BEGIN INPUT RECORDS

(* Let $\mathscr A=\{0,1,2\}$, and let $\mu$ be the inhomogeneous multinomial measure on $\partial\mathscr A^\ast=\mathscr A^{\mathbb N}$ with parameters $a_1,a_2,a_3,b_1,b_2,b_3\in(0,1)$, $\sum a_i=\sum b_i=1$, and a sequence $(T_k)$ (integers, $T_1=1$, strictly increasing, $T_{k+1}/T_k\to\infty$). Fix $q\in\mathbb R$. Then there exist a Borel probability measure $\nu$ on $\partial\mathscr A^\ast$ and a strictly increasing sequence of integers $(n_k)_{k\ge1}$ such that (i) for every $n\ge1$ and every $w\in\mathscr A^n$, $\nu(w)\le\mu(w)^q\,3^{-n\underline\tau(q)}$; (ii) for every $\varepsilon>0$ there is $k_0$ such that for all $k\ge k_0$ and all $w\in\mathscr A^{n_k}$, $\nu(w)\le\mu(w)^q\,3^{-n_k(\tau(q)-\varepsilon)}$.
   Context: The inhomogeneous multinomial measure: for $w=\varepsilon_1\cdots\varepsilon_n\in\mathscr A^n$, $\mu(w)=\mu([w])=\prod_{j=1}^np_j$, where $p_j=a_{\varepsilon_j+1}$ if $T_{2k-1}\le j<T_{2k}$ for some $k$, and $p_j=b_{\varepsilon_j+1}$ if $T_{2k}\le j<T_{2k+1}$ for some $k$; $[w]$ denotes the set of infinite words beginning with $w$, and $\nu(w)=\nu([w])$. Define $\tau_n(q)$ by $\sum_{w\in\mathscr A^n}\mu(w)^q=3^{n\tau_n(q)}$, and $\tau(q)=\limsup_{n\to\infty}\tau_n(q)$, $\underline\tau(q)=\liminf_{n\to\infty}\tau_n(q)$. *)

theory Defs
  imports "HOL-Probability.Probability"
begin

definition words :: "nat \<Rightarrow> nat list set" where
  "words n = {w. length w = n \<and> set w \<subseteq> {0,1,2}}"

definition a_block :: "(nat \<Rightarrow> nat) \<Rightarrow> nat \<Rightarrow> bool" where
  "a_block T j \<longleftrightarrow> (\<exists>k\<ge>1. T (2*k - 1) \<le> j \<and> j < T (2*k))"

text \<open>Inhomogeneous multinomial measure of a cylinder; a, b indexed by 1,2,3.\<close>
definition mu :: "(nat \<Rightarrow> real) \<Rightarrow> (nat \<Rightarrow> real) \<Rightarrow> (nat \<Rightarrow> nat) \<Rightarrow> nat list \<Rightarrow> real" where
  "mu a b T w = (\<Prod>j\<in>{1..length w}.
      (if a_block T j then a (w ! (j - 1) + 1) else b (w ! (j - 1) + 1)))"

definition tau_n :: "(nat \<Rightarrow> real) \<Rightarrow> (nat \<Rightarrow> real) \<Rightarrow> (nat \<Rightarrow> nat) \<Rightarrow> real \<Rightarrow> nat \<Rightarrow> real" where
  "tau_n a b T q n = log 3 (\<Sum>w\<in>words n. mu a b T w powr q) / real n"

definition tau_up :: "(nat \<Rightarrow> real) \<Rightarrow> (nat \<Rightarrow> real) \<Rightarrow> (nat \<Rightarrow> nat) \<Rightarrow> real \<Rightarrow> real" where
  "tau_up a b T q = real_of_ereal (limsup (\<lambda>n. ereal (tau_n a b T q n)))"

definition tau_low :: "(nat \<Rightarrow> real) \<Rightarrow> (nat \<Rightarrow> real) \<Rightarrow> (nat \<Rightarrow> nat) \<Rightarrow> real \<Rightarrow> real" where
  "tau_low a b T q = real_of_ereal (liminf (\<lambda>n. ereal (tau_n a b T q n)))"

text \<open>The symbolic space A^N with its product (= Borel) sigma-algebra, and cylinders.\<close>
definition seq_space :: "(nat \<Rightarrow> nat) measure" where
  "seq_space = PiM UNIV (\<lambda>_. count_space {0,1,2})"

definition cyl :: "nat list \<Rightarrow> (nat \<Rightarrow> nat) set" where
  "cyl w = {x \<in> space seq_space. \<forall>i<length w. x i = w ! i}"

end

theory Submission
  imports Defs
begin

text \<open>Take for \<open>\<nu>\<close> the product measure that gives the letter \<open>x\<close> at position \<open>j\<close> the
  weight \<open>p\<^sub>j(x) powr q / (\<Sum>y. p\<^sub>j(y) powr q)\<close>. The partition sum \<open>\<Sum>\<^bsub>w \<in> words n\<^esub> \<mu>(w) powr q\<close>
  factors over the positions, so \<open>\<nu>(w) = \<mu>(w) powr q * 3 powr (- n * tau_n n)\<close> exactly.
  Hence (ii) holds along any subsequence on which \<open>tau_n\<close> tends to \<open>tau_up\<close>, and (i) amounts
  to \<open>tau_low \<le> tau_n n\<close> for every \<open>n \<ge> 1\<close>. Now \<open>tau_n n\<close> is the average over \<open>j \<le> n\<close> of
  the homogeneous exponents \<open>\<tau>\<^sub>a(q)\<close>, \<open>\<tau>\<^sub>b(q)\<close> of the blocks containing \<open>j\<close>, so it is at least
  their minimum; and since \<open>T\<^sub>k\<^sub>+\<^sub>1 / T\<^sub>k \<rightarrow> \<infinity>\<close>, at the end of a long block of the kind
  realising the minimum the average is close to it. So \<open>tau_low\<close> is exactly this minimum.\<close>

lemma words_Suc: "words (Suc n) = (\<lambda>(w,x). w @ [x]) ` (words n \<times> {0,1,2})"
proof
  show "(\<lambda>(w,x). w @ [x]) ` (words n \<times> {0,1,2}) \<subseteq> words (Suc n)"
    by (auto simp: words_def)
  show "words (Suc n) \<subseteq> (\<lambda>(w,x). w @ [x]) ` (words n \<times> {0,1,2})"
  proof
    fix v assume v: "v \<in> words (Suc n)"
    then have "v \<noteq> []" by (auto simp: words_def)
    then obtain w x where vw: "v = w @ [x]" by (metis rev_exhaust)
    with v have "w \<in> words n" "x \<in> {0,1,2}" by (auto simp: words_def)
    with vw show "v \<in> (\<lambda>(w,x). w @ [x]) ` (words n \<times> {0,1,2})" by force
  qed
qed

lemma prod_positions_snoc:
  "(\<Prod>j\<in>{1..Suc (length w)}. f j ((w @ [x]) ! (j - 1)))
     = (\<Prod>j\<in>{1..length w}. f j (w ! (j - 1))) * f (Suc (length w)) x"
proof -
  have "(\<Prod>j\<in>{1..length w}. f j ((w @ [x]) ! (j - 1))) = (\<Prod>j\<in>{1..length w}. f j (w ! (j - 1)))"
    by (rule prod.cong) (auto simp: nth_append)
  then show ?thesis by simp
qed

lemma sum_words_prod_positions:
  fixes f :: "nat \<Rightarrow> nat \<Rightarrow> 'a::comm_semiring_1"
  shows "(\<Sum>w\<in>words n. \<Prod>j\<in>{1..n}. f j (w ! (j - 1))) = (\<Prod>j\<in>{1..n}. \<Sum>x\<in>{0,1,2}. f j x)"
proof (induction n)
  case 0
  have "words 0 = {[]}" by (auto simp: words_def)
  then show ?case by simp
next
  case (Suc n)
  have inj: "inj_on (\<lambda>(w,x). w @ [x]) (words n \<times> {0,1,2})"
    by (auto simp: inj_on_def)
  have "(\<Sum>w\<in>words (Suc n). \<Prod>j\<in>{1..Suc n}. f j (w ! (j - 1)))
      = (\<Sum>w\<in>words n. \<Sum>x\<in>{0,1,2}. (\<Prod>j\<in>{1..n}. f j (w ! (j - 1))) * f (Suc n) x)"
    unfolding words_Suc sum.reindex[OF inj] sum.cartesian_product
    by (intro sum.cong refl) (auto simp: words_def prod_positions_snoc[of _ "_ :: nat list", simplified])
  also have "\<dots> = (\<Sum>w\<in>words n. \<Prod>j\<in>{1..n}. f j (w ! (j - 1))) * (\<Sum>x\<in>{0,1,2}. f (Suc n) x)"
    by (simp only: sum_product)
  also have "\<dots> = (\<Prod>j\<in>{1..Suc n}. \<Sum>x\<in>{0,1,2}. f j x)"
    unfolding Suc.IH by simp
  finally show ?case .
qed

definition letter_measure :: "(nat \<Rightarrow> real) \<Rightarrow> nat measure" where
  "letter_measure p = point_measure {0,1,2} (\<lambda>x. ennreal (p x / (\<Sum>y\<in>{0,1,2}. p y)))"

text \<open>Coordinate \<open>i\<close> of a sequence carries the letter at the 1-based position \<open>Suc i\<close>.\<close>
definition weighted_product :: "(nat \<Rightarrow> nat \<Rightarrow> real) \<Rightarrow> (nat \<Rightarrow> nat) measure" where
  "weighted_product f = PiM UNIV (\<lambda>i. letter_measure (f (Suc i)))"

lemma emeasure_letter_measure_singleton:
  assumes pos: "\<And>y. y \<in> {0,1,2} \<Longrightarrow> 0 < p y" and x: "x \<in> {0,1,2}"
  shows "emeasure (letter_measure p) {x} = ennreal (p x / (\<Sum>y\<in>{0,1,2}. p y))"
  unfolding letter_measure_def using x by (subst emeasure_point_measure_finite) auto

END INPUT RECORDS

◆ ACTIVITY: One stretch of the lines above is wanted, from the line that contains "imports Defs" through the line that contains "weight \<open>p\<^sub>j(x) powr". Output it exactly.

◆ COMPLETED TASK:
  imports Defs
begin

text \<open>Take for \<open>\<nu>\<close> the product measure that gives the letter \<open>x\<close> at position \<open>j\<close> the
  weight \<open>p\<^sub>j(x) powr q / (\<Sum>y. p\<^sub>j(y) powr q)\<close>. The partition sum \<open>\<Sum>\<^bsub>w \<in> words n\<^esub> \<mu>(w) powr q\<close>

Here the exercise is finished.